§ Task to carry out
Scan the entries below for the string "rate" and copy every line where it turns up.

§ Data for this exercise
*** Begin section ***

lemma vol_le_strike:
  fixes k s :: real
  assumes "4 \<le> k" "s\<^sup>2 \<le> 2 * k"
  shows "s \<le> k"
proof (rule power2_le_imp_le)
  show "s\<^sup>2 \<le> k\<^sup>2" using sq_vol_le_sq_strike[OF assms] zero_le_power2[of s] by linarith
  show "0 \<le> k" using assms(1) by simp
qed

lemma ln_c_BS_ge:
  assumes k: "k \<ge> 4" and s: "s > 0" "s\<^sup>2 \<le> 2 * k"
  shows "3 * ln s - 2 * ln k - ln (sqrt (2 * pi)) - 4
    \<le> ln (c_BS k s) + (k\<^sup>2 / (2 * s\<^sup>2) - k / 2 + s\<^sup>2 / 8)"
proof -
  \<comment> \<open>\<open>\<delta> = s\<^sup>3/k\<^sup>2\<close> keeps \<open>log \<delta> = O(log k)\<close> while moving \<open>d\<^sub>1\<^sup>2/2\<close> by at most 4.\<close>
  define u where "u = s\<^sup>2 / k\<^sup>2"
  define \<delta> where "\<delta> = s * u"
  define \<tau> where "\<tau> = s - \<delta>"
  have k0: "0 < k" using k by simp
  have u: "0 < u" "u \<le> 1 / 2"
    using sq_vol_le_sq_strike[OF k s(2)] s k0 by (simp_all add: u_def pos_divide_le_eq)
  have \<delta>: "0 < \<delta>" "\<delta> < s" using s u by (simp_all add: \<delta>_def)
  have \<tau>: "\<tau> = s * (1 - u)" "0 < \<tau>" "\<tau> \<le> s"
    using \<delta> by (simp_all add: \<tau>_def \<delta>_def algebra_simps)
  have "k\<^sup>2 / (2 * \<tau>\<^sup>2) = k\<^sup>2 / (2 * s\<^sup>2) * (1 / (1 - u)\<^sup>2)"
    unfolding \<tau>(1) by (simp add: power_mult_distrib)
  also have "\<dots> \<le> k\<^sup>2 / (2 * s\<^sup>2) * (1 + 8 * u)"
    using u by (intro mult_left_mono inverse_one_minus_sq_le) auto
  also have "\<dots> = k\<^sup>2 / (2 * s\<^sup>2) + 4" using k0 s by (simp add: u_def field_simps)
  finally have rate: "k\<^sup>2 / (2 * \<tau>\<^sup>2) \<le> k\<^sup>2 / (2 * s\<^sup>2) + 4" .
  have "\<tau>\<^sup>2 \<le> s\<^sup>2" using \<tau> by (intro power_mono) auto
  moreover have "ln \<delta> = 3 * ln s - 2 * ln k"
    using s k0 by (simp add: \<delta>_def u_def ln_mult ln_div ln_realpow)
  ultimately have "3 * ln s - 2 * ln k - ln (sqrt (2 * pi)) - 4 - (k\<^sup>2 / (2 * s\<^sup>2) - k / 2 + s\<^sup>2 / 8)
      \<le> ln \<delta> - ln (sqrt (2 * pi)) - (- k / \<tau> + \<tau> / 2)\<^sup>2 / 2"
    using rate d1_sq_half[OF \<tau>(2), of k] by linarith
  also have "\<dots> = ln (\<delta> * std_normal_density (- k / \<tau> + \<tau> / 2))"
    using \<delta> by (simp add: ln_mult_pos std_normal_density_pos ln_std_normal_density)
  also have "\<dots> \<le> ln (c_BS k s)"
    using c_BS_ge[OF k0 \<delta> s(2)] c_BS_pos[OF k0 s(1)] \<delta>
    by (simp add: \<tau>_def std_normal_density_pos)
  finally show ?thesis by simp
qed

lemma ln_add_le_ln_2_max:
  fixes x y :: real
  assumes "0 < x" "0 < y"
  shows "ln (x + y) \<le> ln 2 + max (ln x) (ln y)"
proof -
  have "ln (x + y) \<le> ln (2 * max x y)" using assms by simp
  also have "\<dots> = ln 2 + ln (max x y)" using assms by (intro ln_mult_pos) auto
  also have "ln (max x y) = max (ln x) (ln y)" using assms by (simp add: max_def)
  finally show ?thesis .
qed

lemma ln_vol_lower:
  assumes k: "k \<ge> 4" and s: "s > 0" "s\<^sup>2 \<le> 2 * k"
    and growth: "ln (- ln (c_BS k s)) \<le> A + B * ln k"
  shows "- ln s \<le> (3 + \<bar>A\<bar> + \<bar>B\<bar>) * ln k"
proof -
  define g where "g = - ln (c_BS k s)"
  have g: "g > 0" using c_BS_pos[of k s] c_BS_less_1[of k s] k s by (simp add: g_def)
  have lnk: "1 \<le> ln k" using k by (intro ln_ge_1) simp
  have ln2: "ln (2 :: real) \<le> 1" using ln_le_minus_one[of 2] by simp
  have k0: "0 < k" using k by simp
  \<comment> \<open>The upper estimate bounds \<open>k\<^sup>2/(2s\<^sup>2)\<close> by \<open>-log c_BS(k,s) + 2k\<close>, a polynomial in \<open>k\<close>.\<close>
  have "ln s \<le> k" using ln_less_self[OF s(1)] vol_le_strike[OF k s(2)] by linarith
  then have "k\<^sup>2 / (2 * s\<^sup>2) \<le> g + 2 * k"
    using ln_c_BS_le[OF k0 s] k s ln_sqrt_2pi_bounds zero_le_power2[of s]
    unfolding g_def by linarith
  then have "ln (k\<^sup>2 / (2 * s\<^sup>2)) \<le> ln (g + 2 * k)"
    using k0 s g by (subst ln_le_cancel_iff) auto
  also have "\<dots> \<le> ln 2 + max (ln g) (ln (2 * k))" using g k0 by (intro ln_add_le_ln_2_max) auto
  also have "max (ln g) (ln (2 * k)) \<le> \<bar>A\<bar> + \<bar>B\<bar> * ln k + 1 + ln k"
  proof (rule max.boundedI)
    have "B * ln k \<le> \<bar>B\<bar> * ln k" using lnk by (intro mult_right_mono) auto
    then show "ln g \<le> \<bar>A\<bar> + \<bar>B\<bar> * ln k + 1 + ln k"
      using growth lnk abs_ge_self[of A] unfolding g_def by linarith
    have "ln (2 * k) = ln 2 + ln k" using k0 by (intro ln_mult_pos) auto
    moreover have "0 \<le> \<bar>B\<bar> * ln k" using lnk by simp
    ultimately show "ln (2 * k) \<le> \<bar>A\<bar> + \<bar>B\<bar> * ln k + 1 + ln k"
      using ln2 abs_ge_zero[of A] by linarith
  qed
  moreover have "ln (k\<^sup>2 / (2 * s\<^sup>2)) = 2 * ln k - ln 2 - 2 * ln s"
    using s k0 by (simp add: ln_div ln_mult ln_realpow)
  moreover have "\<bar>A\<bar> \<le> \<bar>A\<bar> * ln k" "0 \<le> \<bar>B\<bar> * ln k"
    using lnk by (auto simp: mult_le_cancel_left1)
  moreover have "(3 + \<bar>A\<bar> + \<bar>B\<bar>) * ln k = 3 * ln k + \<bar>A\<bar> * ln k + \<bar>B\<bar> * ln k"
    by (simp add: algebra_simps)
  ultimately show ?thesis using lnk ln2 by linarith
qed

lemma ln_c_BS_expansion:
  assumes k: "k \<ge> 4" and s: "s > 0" "s\<^sup>2 \<le> 2 * k"
    and growth: "ln (- ln (c_BS k s)) \<le> A + B * ln k"
  shows "\<bar>ln (c_BS k s) + (k\<^sup>2 / (2 * s\<^sup>2) - k / 2 + s\<^sup>2 / 8)\<bar>
    \<le> (3 * (3 + \<bar>A\<bar> + \<bar>B\<bar>) + 8) * ln k"
proof (rule abs_leI)
  have lnk: "1 \<le> ln k" using k by (intro ln_ge_1) simp
  have "ln s \<le> ln k" using vol_le_strike[OF k s(2)] s by simp
  moreover have "0 \<le> (3 + \<bar>A\<bar> + \<bar>B\<bar>) * ln k" using lnk by simp
  moreover have "(3 * (3 + \<bar>A\<bar> + \<bar>B\<bar>) + 8) * ln k = 3 * ((3 + \<bar>A\<bar> + \<bar>B\<bar>) * ln k) + 8 * ln k"
    by (simp add: algebra_simps)
  moreover note ln_c_BS_le[of k s] ln_c_BS_ge[OF k s] ln_vol_lower[OF k s growth]
    ln_sqrt_2pi_bounds
  ultimately show "ln (c_BS k s) + (k\<^sup>2 / (2 * s\<^sup>2) - k / 2 + s\<^sup>2 / 8)
      \<le> (3 * (3 + \<bar>A\<bar> + \<bar>B\<bar>) + 8) * ln k"
    and "- (ln (c_BS k s) + (k\<^sup>2 / (2 * s\<^sup>2) - k / 2 + s\<^sup>2 / 8))
      \<le> (3 * (3 + \<bar>A\<bar> + \<bar>B\<bar>) + 8) * ln k"
    using k s lnk by linarith+
qed

lemma ln_c_BS_ge_large_vol:
  assumes k: "k \<ge> 4" and \<eta>: "0 < \<eta>" "\<eta> \<le> 1" and s: "s > 0" "(2 - \<eta>) * k \<le> s\<^sup>2"
  shows "- \<eta> * k / 8 - ln k / 2 - 6 \<le> ln (c_BS k s)"
proof -
  define \<sigma> where "\<sigma> = sqrt ((2 - \<eta>) * k)"
  have \<sigma>: "\<sigma> > 0" "\<sigma>\<^sup>2 = (2 - \<eta>) * k" using \<eta> k by (auto simp: \<sigma>_def)
  have "\<sigma> \<le> sqrt (s\<^sup>2)" unfolding \<sigma>_def using s by (intro real_sqrt_le_mono)
  then have "c_BS k \<sigma> \<le> c_BS k s" using s \<sigma> by (intro c_BS_mono) auto
  moreover have "0 < c_BS k \<sigma>" using k \<sigma> by (intro c_BS_pos) auto
  ultimately have "ln (c_BS k \<sigma>) \<le> ln (c_BS k s)" by simp
  moreover have "k\<^sup>2 / (2 * \<sigma>\<^sup>2) - k / 2 + \<sigma>\<^sup>2 / 8 = \<eta> * k * (\<eta> / (8 * (2 - \<eta>)))"
    unfolding \<sigma>(2) using \<eta> k by (simp add: field_simps power2_eq_square)
  moreover have "\<eta> * k * (\<eta> / (8 * (2 - \<eta>))) \<le> \<eta> * k * (1 / 8)"
    using \<eta> k by (intro mult_left_mono) (auto simp: field_simps)
  moreover have "ln k \<le> ln (\<sigma>\<^sup>2)" using \<sigma> \<eta> k by (subst ln_le_cancel_iff) auto
  moreover have "ln (\<sigma>\<^sup>2) = 2 * ln \<sigma>" using \<sigma>(1) by (simp add: ln_realpow)
  moreover have "\<sigma>\<^sup>2 \<le> 2 * k" using \<sigma> \<eta> k by simp
  then have "3 * ln \<sigma> - 2 * ln k - ln (sqrt (2 * pi)) - 4
      \<le> ln (c_BS k \<sigma>) + (k\<^sup>2 / (2 * \<sigma>\<^sup>2) - k / 2 + \<sigma>\<^sup>2 / 8)"
    by (rule ln_c_BS_ge[OF k \<sigma>(1)])
  moreover have "- \<eta> * k / 8 = - (\<eta> * k * (1 / 8))" by simp
  ultimately show ?thesis using ln_sqrt_2pi_bounds by linarith
qed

*** End section ***

§ Response to this task
  finally have rate: "k\<^sup>2 / (2 * \<tau>\<^sup>2) \<le> k\<^sup>2 / (2 * s\<^sup>2) + 4" .
    using rate d1_sq_half[OF \<tau>(2), of k] by linarith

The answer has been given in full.